We're not talking about the 'lot'. It's not "a lot" as in a parking lot. It's a lot meaning many.

There *are* many *things*. plural
There *are *a lot of *things*. plural
--
There *is* a lot of *salt*. singular
There *is* a lot of *paint*. singular


----------



## marquess

VivaReggaeton88 said:


> We're not talking about the 'lot'. It's not "a lot" as in a parking lot. It's a lot meaning many.
> 
> There *are* many *things*. plural
> There *are *a lot of *things*. plural
> --
> There *is* a lot of *salt*. singular
> There *is* a lot of *paint*. singular


 
There *is* a lot of *salt*. singular = there is many salt?
There *is* a lot of *paint*. singular = there is many paint?


----------



## VivaReggaeton88

marquess said:


> There *is* a lot of *salt*. singular = there is many salt?
> There *is* a lot of *paint*. singular = there is many paint?



That is how it is used. It is correct to say "There is a lot of salt/paint". Whoever doesn't think it's correct, english is not your first language.

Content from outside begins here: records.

definition matvec :: "'i set \<Rightarrow> ('i \<Rightarrow> 'i \<Rightarrow> 'a::comm_semiring_1) \<Rightarrow> ('i \<Rightarrow> 'a) \<Rightarrow> ('i \<Rightarrow> 'a)" where
  "matvec I U x = (\<lambda>i\<in>I. \<Sum>j\<in>I. U i j * x j)"

definition unitary_group :: "'i set \<Rightarrow> ('i \<Rightarrow> 'i \<Rightarrow> complex) set" where
  "unitary_group I = {U \<in> mats I. \<forall>i\<in>I. \<forall>j\<in>I.
      (\<Sum>k\<in>I. cnj (U k i) * U k j) = (if i = j then 1 else 0)}"

definition orthogonal_group :: "'i set \<Rightarrow> ('i \<Rightarrow> 'i \<Rightarrow> real) set" where
  "orthogonal_group I = {U \<in> mats I. \<forall>i\<in>I. \<forall>j\<in>I.
      (\<Sum>k\<in>I. U k i * U k j) = (if i = j then 1 else 0)}"

definition haar_unitary :: "'i set \<Rightarrow> ('i \<Rightarrow> 'i \<Rightarrow> complex) measure \<Rightarrow> bool" where
  "haar_unitary I \<mu> \<longleftrightarrow> prob_space \<mu> \<and> sets \<mu> = sets (mat_space I) \<and>
     emeasure \<mu> (unitary_group I) = 1 \<and>
     (\<forall>V\<in>unitary_group I. distr \<mu> (mat_space I) (matmul I V) = \<mu>)"

definition haar_orthogonal :: "'i set \<Rightarrow> ('i \<Rightarrow> 'i \<Rightarrow> real) measure \<Rightarrow> bool" where
  "haar_orthogonal I \<mu> \<longleftrightarrow> prob_space \<mu> \<and> sets \<mu> = sets (mat_space I) \<and>
     emeasure \<mu> (orthogonal_group I) = 1 \<and>
     (\<forall>V\<in>orthogonal_group I. distr \<mu> (mat_space I) (matmul I V) = \<mu>)"

definition unit_sphere_on :: "'i set \<Rightarrow> ('i \<Rightarrow> complex) set" where
  "unit_sphere_on I = {x \<in> PiE I (\<lambda>_. UNIV). (\<Sum>i\<in>I. (cmod (x i))\<^sup>2) = 1}"

definition uniform_sphere :: "'i set \<Rightarrow> ('i \<Rightarrow> complex) measure \<Rightarrow> bool" where
  "uniform_sphere I \<sigma> \<longleftrightarrow> prob_space \<sigma> \<and> sets \<sigma> = sets (vec_space I) \<and>
     emeasure \<sigma> (unit_sphere_on I) = 1 \<and>
     (\<forall>V\<in>unitary_group I. distr \<sigma> (vec_space I) (matvec I V) = \<sigma>)"

text \<open>Basis vectors are indexed by multi-indices x with x i < d i for i < N.
  Sites are numbered 0..N-1.\<close>

definition sub_idx :: "(nat \<Rightarrow> nat) \<Rightarrow> nat set \<Rightarrow> (nat \<Rightarrow> nat) set" where
  "sub_idx d A = PiE A (\<lambda>i. {..<d i})"

definition basis_idx :: "nat \<Rightarrow> (nat \<Rightarrow> nat) \<Rightarrow> (nat \<Rightarrow> nat) set" where
  "basis_idx N d = sub_idx d {..<N}"

definition merge_idx :: "nat set \<Rightarrow> (nat \<Rightarrow> nat) \<Rightarrow> (nat \<Rightarrow> nat) \<Rightarrow> (nat \<Rightarrow> nat)" where
  "merge_idx A a b = (\<lambda>i. if i \<in> A then a i else b i)"

text \<open>Reduced density matrix Tr_{B'} |phi><phi| on the subsystem A (B' = complement).\<close>

definition rdm :: "nat \<Rightarrow> (nat \<Rightarrow> nat) \<Rightarrow> nat set \<Rightarrow> ((nat \<Rightarrow> nat) \<Rightarrow> complex)
                    \<Rightarrow> (nat \<Rightarrow> nat) \<Rightarrow> (nat \<Rightarrow> nat) \<Rightarrow> complex" where
  "rdm N d A \<phi> a a' = (\<Sum>b\<in>sub_idx d ({..<N} - A).
       \<phi> (merge_idx A a b) * cnj (\<phi> (merge_idx A a' b)))"

definition purity :: "nat \<Rightarrow> (nat \<Rightarrow> nat) \<Rightarrow> nat set \<Rightarrow> ((nat \<Rightarrow> nat) \<Rightarrow> complex) \<Rightarrow> real" where
  "purity N d A \<phi> = Re (\<Sum>a\<in>sub_idx d A. \<Sum>a'\<in>sub_idx d A. rdm N d A \<phi> a a' * rdm N d A \<phi> a' a)"

definition tau_bip :: "nat \<Rightarrow> (nat \<Rightarrow> nat) \<Rightarrow> nat set \<Rightarrow> ((nat \<Rightarrow> nat) \<Rightarrow> complex) \<Rightarrow> real" where
  "tau_bip N d A \<phi> = 2 * (1 - purity N d A \<phi>)"

text \<open>Unordered bipartitions A|B' of {0..N-1}: each represented once by the part containing 0.\<close>

definition bipartitions :: "nat \<Rightarrow> nat set set" where
  "bipartitions N = {A. A \<subseteq> {..<N} \<and> 0 \<in> A \<and> A \<noteq> {..<N}}"

definition one_tangle :: "nat \<Rightarrow> (nat \<Rightarrow> nat) \<Rightarrow> ((nat \<Rightarrow> nat) \<Rightarrow> complex) \<Rightarrow> real" where
  "one_tangle N d \<phi> = (1 / ((2::real) ^ (N - 1) - 1)) * (\<Sum>A\<in>bipartitions N. tau_bip N d A \<phi>)"

definition product_state :: "nat \<Rightarrow> (nat \<Rightarrow> nat \<Rightarrow> complex) \<Rightarrow> ((nat \<Rightarrow> nat) \<Rightarrow> complex)" where
  "product_state N \<psi> = (\<lambda>x. \<Prod>i<N. \<psi> i (x i))"

definition entangling_power :: "nat \<Rightarrow> (nat \<Rightarrow> nat) \<Rightarrow> (nat \<Rightarrow> (nat \<Rightarrow> complex) measure)
     \<Rightarrow> ((nat \<Rightarrow> nat) \<Rightarrow> (nat \<Rightarrow> nat) \<Rightarrow> complex) \<Rightarrow> real" where
  "entangling_power N d \<sigma> U =
     (\<integral>\<psi>. one_tangle N d (matvec (basis_idx N d) U (product_state N \<psi>)) \<partial>(PiM {..<N} \<sigma>))"

end

theory Submission
  imports Defs "HOL-Combinatorics.Transposition"
begin

text \<open>
  If the law of a random vector x in C^D is invariant under coordinate reflections, coordinate
  permutations and rotations in coordinate planes, its fourth moments E[x_i x_j^* x_k x_l^*] are
  determined by three numbers: the diagonal moment b (i = j = k = l), the pair moment a
  (i = j, k = l or i = l, j = k) and the cross moment c (i = k, j = l).  A 45 degree rotation gives
  b = 2a + c, the normalization gives D (b + (D - 1) a) = 1, and summing the cross moments gives
  D (b + (D - 1) c) = E |sum_i x_i^2|^2.  For U phi with U Haar unitary (and for a uniformly random
  unit vector) phase invariance gives c = 0, hence a = 1 / (D (D + 1)); for Q phi with Q Haar
  orthogonal, |sum_i x_i^2|^2 = t := |sum_i phi_i^2|^2 is constant.

  The purity of each bipartition is a sum of fourth moments; with the moments above it averages to
  (d_A + d_B) / (D + 1) in the unitary case and to an affine function of t in the orthogonal case.
  For product states t factorizes over the sites, with average 2 / (d_i + 1) on each, and the two
  averages may be exchanged since the integrand is a finite sum of products of integrable functions.
\<close>

section \<open>Fourth moments of invariant random vectors\<close>

definition quartic :: "('i \<Rightarrow> complex) \<Rightarrow> 'i \<Rightarrow> 'i \<Rightarrow> 'i \<Rightarrow> 'i \<Rightarrow> complex" where
  "quartic w i j k l = w i * cnj (w j) * w k * cnj (w l)"

definition conj_overlap :: "'i set \<Rightarrow> ('i \<Rightarrow> complex) \<Rightarrow> complex" where
  "conj_overlap I w = (\<Sum>i\<in>I. (w i)\<^sup>2) * cnj (\<Sum>i\<in>I. (w i)\<^sup>2)"

definition of_real_mat :: "'i set \<Rightarrow> ('i \<Rightarrow> 'i \<Rightarrow> real) \<Rightarrow> 'i \<Rightarrow> 'i \<Rightarrow> complex" where
  "of_real_mat I Q = (\<lambda>x\<in>I. \<lambda>y\<in>I. complex_of_real (Q x y))"

definition phase_mat :: "'i set \<Rightarrow> 'i \<Rightarrow> 'i \<Rightarrow> 'i \<Rightarrow> complex" where
  "phase_mat I p = (\<lambda>x\<in>I. \<lambda>y\<in>I. if x = y then (if x = p then \<i> else 1) else 0)"

lemma sum_if_eq_const:
  assumes "finite S" "x \<in> S"
  shows "(\<Sum>y\<in>S. if x = y then P else Q) = P + of_nat (card S - 1) * (Q::'a::comm_ring_1)"
proof -
  have "(\<Sum>y\<in>S. if x = y then P else Q) = P + (\<Sum>y\<in>S-{x}. if x = y then P else Q)"
    using assms by (simp add: sum.remove)
  also have "(\<Sum>y\<in>S-{x}. if x = y then P else Q) = (\<Sum>y\<in>S-{x}. Q)"
    by (rule sum.cong) auto
  finally show ?thesis using assms by (simp add: card_Diff_singleton mult.commute)
qed

lemma sum_sum_if_eq_const:
  assumes "finite S" "\<And>i k. i \<in> S \<Longrightarrow> k \<in> S \<Longrightarrow> F i k = (if i = k then P else Q)"
  shows "(\<Sum>i\<in>S. \<Sum>k\<in>S. F i k) = of_nat (card S) * (P + of_nat (card S - 1) * (Q::'a::comm_ring_1))"
  using assms by (simp add: sum_if_eq_const cong: sum.cong)

lemma conj_overlap_eq_sum_quartic: "conj_overlap I w = (\<Sum>i\<in>I. \<Sum>k\<in>I. quartic w i k i k)"
  by (simp add: quartic_def conj_overlap_def sum_product power2_eq_square ac_simps)

lemma borel_measurable_cnj [measurable]:
  "f \<in> borel_measurable M \<Longrightarrow> (\<lambda>x. cnj (f x :: complex)) \<in> borel_measurable M"
  by (rule borel_measurable_continuous_on[where f=cnj]) (auto intro: continuous_on_cnj)

lemma quartic_measurable:
  assumes "\<And>i. i \<in> I \<Longrightarrow> (\<lambda>x. X x i) \<in> borel_measurable M" "i \<in> I" "j \<in> I" "k \<in> I" "l \<in> I"
  shows "(\<lambda>x. quartic (X x) i j k l) \<in> borel_measurable M"
  unfolding quartic_def using assms by measurable

lemma quartic_cong:
  "i \<in> I \<Longrightarrow> j \<in> I \<Longrightarrow> k \<in> I \<Longrightarrow> l \<in> I \<Longrightarrow> (\<And>x. x \<in> I \<Longrightarrow> w x = w' x) \<Longrightarrow>
   quartic w i j k l = quartic w' i j k l"
  by (simp add: quartic_def)

lemma norm_le_1_of_sum_norm2_eq_1:
  fixes f :: "'a \<Rightarrow> 'b::real_normed_vector"
  assumes "finite S" "(\<Sum>x\<in>S. (norm (f x))\<^sup>2) = 1" "x \<in> S"
  shows "norm (f x) \<le> 1"
proof -
  have "(norm (f x))\<^sup>2 \<le> (\<Sum>x\<in>S. (norm (f x))\<^sup>2)" by (rule member_le_sum) (use assms in auto)
  then show ?thesis using assms by (simp add: power_le_one_iff)
qed

lemma integrable_quartic_unit_vector:
  assumes "prob_space M" "finite I" "\<And>i. i \<in> I \<Longrightarrow> (\<lambda>\<omega>. X \<omega> i) \<in> borel_measurable M"
    and "AE \<omega> in M. (\<Sum>i\<in>I. (cmod (X \<omega> i))\<^sup>2) = 1"
    and "i\<in>I" "j\<in>I" "k\<in>I" "l\<in>I"
  shows "integrable M (\<lambda>\<omega>. quartic (X \<omega>) i j k l)"
proof -
  interpret prob_space M by fact
  show ?thesis
  proof (rule integrable_const_bound[where B=1])
    show "AE \<omega> in M. norm (quartic (X \<omega>) i j k l) \<le> 1"
      using assms(4)
    proof eventually_elim
      case (elim \<omega>)
      then have "cmod (X \<omega> x) \<le> 1" if "x \<in> I" for x
        using norm_le_1_of_sum_norm2_eq_1[OF assms(2) _ that, where f="X \<omega>"] by simp
      then show ?case using assms(5-) by (simp add: quartic_def norm_mult mult_le_one)
    qed
  qed (rule quartic_measurable[OF assms(3) assms(5-)])
qed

What I was trying to say there was that *is *goes with a *singular* noun and *are *goes with a *plural* noun. 

There *are* a lot of *things.* correct.
There *is* a lot of *salt.* correct.


----------



## VivaReggaeton88

*a lot*
 a large quantity or number

Example: What a lot of letters!  

_See also:_ lot, lots

*Kernerman English Multilingual Dictionary (Beta Version), © 2000-2006 K Dictionaries Ltd.*


----------



## El Sonámbulo

VivaReggaeton88 said:


> That is how it is used. It is correct to say "There is a lot of salt/paint". Whoever doesn't think it's correct, english is not your first language.
> 
> What I was trying to say there was that *is *goes with a *singular* noun and *are *goes with a *plural* noun.
> 
> There *are* a lot of *things.* correct.
> There *is* a lot of *salt.* correct.



There are a lot of things....incorrect here's why.

"Is" definitely goes with a singular noun; "a lot" is a singular noun.

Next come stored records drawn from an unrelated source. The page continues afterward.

lemma walk_shortcut:
  assumes "walk H (vs, es) a b" "\<not> distinct vs"
  obtains vs' es' where "walk H (vs', es') a b" "length es' < length es"
proof -
  obtain xs ys zs c where vs: "vs = xs @ [c] @ ys @ [c] @ zs"
    using not_distinct_decomp[OF assms(2)] by blast
  define es' where "es' = take (length xs) es @ drop (Suc (length ys)) (drop (length xs) es)"
  have W: "walk_seq H vs es" using assms unfolding walk_def by auto
  have "walk_seq H (xs @ [c]) (take (length xs) es)"
    and "walk_seq H (c # ys @ c # zs) (drop (length xs) es)"
    using walk_seq_split[of H xs c "ys @ c # zs" es] W vs by auto
  then have "walk_seq H ((xs @ [c]) @ zs) es'"
    using walk_seq_split[of H "c # ys" c zs] walk_seq_append unfolding es'_def by fastforce
  moreover have "length es' < length es"
    using walk_seq_length[OF W] vs unfolding es'_def by simp
  moreover have "hd ((xs @ [c]) @ zs) = a" "last ((xs @ [c]) @ zs) = b"
    using assms vs unfolding walk_def by (cases xs; cases zs; simp)+
  ultimately show ?thesis using that[of "(xs @ [c]) @ zs" es'] unfolding walk_def by force
qed

lemma walk_imp_path:
  assumes "walk H (vs, es) a b"
  obtains vs' es' where "is_path H (vs', es') a b" "length es' \<le> length es"
    "\<not> distinct vs \<Longrightarrow> length es' < length es"
  using assms
proof (induction "length es" arbitrary: vs es thesis rule: less_induct)
  case less
  show ?case
  proof (cases "distinct vs")
    case True
    then show ?thesis using less.prems by (auto simp: is_path_iff_walk)
  next
    case False
    then obtain vs1 es1 where "walk H (vs1, es1) a b" "length es1 < length es"
      using walk_shortcut[OF less.prems(2)] by blast
    note shorter = \<open>length es1 < length es\<close>
    show ?thesis
      by (rule less.hyps[OF shorter _ \<open>walk H (vs1, es1) a b\<close>])
        (use less.prems(1) shorter False in force)
  qed
qed

lemma walk_prefix:
  assumes "walk_seq H vs es" "i \<le> length es"
  shows "walk H (take i vs @ [vs ! i], take i es) (vs ! 0) (vs ! i)"
proof -
  have L: "length vs = Suc (length es)" using walk_seq_length[OF assms(1)] .
  then have "vs = take i vs @ vs ! i # drop (Suc i) vs" using assms(2) by (simp add: id_take_nth_drop)
  then have "walk_seq H (take i vs @ [vs ! i]) (take i es)"
    using walk_seq_split[of H "take i vs" "vs ! i" "drop (Suc i) vs" es] assms L by simp
  moreover have "hd (take i vs @ [vs ! i]) = vs ! 0"
    using L assms(2) by (cases i) (auto simp: hd_conv_nth nth_append)
  ultimately show ?thesis unfolding walk_def by simp
qed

"are" goes with a plural noun too, but you are forgetting what the actual direct object, or actually, in this case, the predicate nominitive is in this sentence...it is not "things" that is the predicate nominative, it is "a lot" that is the predicate nominative, therefore the verb has to agree with that subject.

"many" and "a lot" in this case, have different functions in the phrase; observe:

"There are many things"---"many" is an adjective that describes the predicate nominative "things." Therefore, it is correct to use "are" because in essence the sentence reads "there are things"

"There is a lot of things"---"a lot" is now the predicate nominative and *NOT* an adjective...in fact, "of things" acts like an adjective in this sense because it is a prepositional phrase using the preposition "of" to describe the "lot"


----------



## marquess

VivaReggaeton88 said:


> That is how it is used. It is correct to say "There is a lot of salt/paint". Whoever doesn't think it's correct, english is not your first language.
> 
> What I was trying to say there was that *is *goes with a *singular* noun and *are *goes with a *plural* noun.
> 
> There *are* a lot of *things.* correct.
> There *is* a lot of *salt.* correct.


 
Sorry, I was being a bit tongue in cheek here. I guess I was saying 'a lot' used this way is not always equal to 'many'. In this case it's 'much', or 'a great deal/amount'


----------



## VivaReggaeton88

marquess said:


> Sorry, I was being a bit tongue in cheek here. I guess I was saying 'a lot' used this way is not always equal to 'many'. In this case it's 'much', or 'a great deal/amount'


Yes, you are correct =] I'm sorry.


----------



## mhp

El Sonámbulo said:


> There are a lot of things....incorrect here's why.
> 
> "Is" definitely goes with a singular noun; "a lot" is a singular noun.
> 
> "are" goes with a plural noun too, but you are forgetting what the actual direct object, or actually, in this case, the predicate nominative is in this sentence...it is not "things" that is the predicate nominative, it is "a lot" that is the predicate nominative, therefore the verb has to agree with that subject.
> 
> "many" and "a lot" in this case, have different functions in the phrase; observe:
> 
> "There are many things"---"many" is an adjective that describes the predicate nominative "things." Therefore, it is correct to use "are" because in essence the sentence reads "there are things"
> 
> "There is a lot of things"---"a lot" is now the predicate nominative and *NOT* an adjective...in fact, "of things" acts like an adjective in this sense because it is a prepositional phrase using the preposition "of" to describe the "lot"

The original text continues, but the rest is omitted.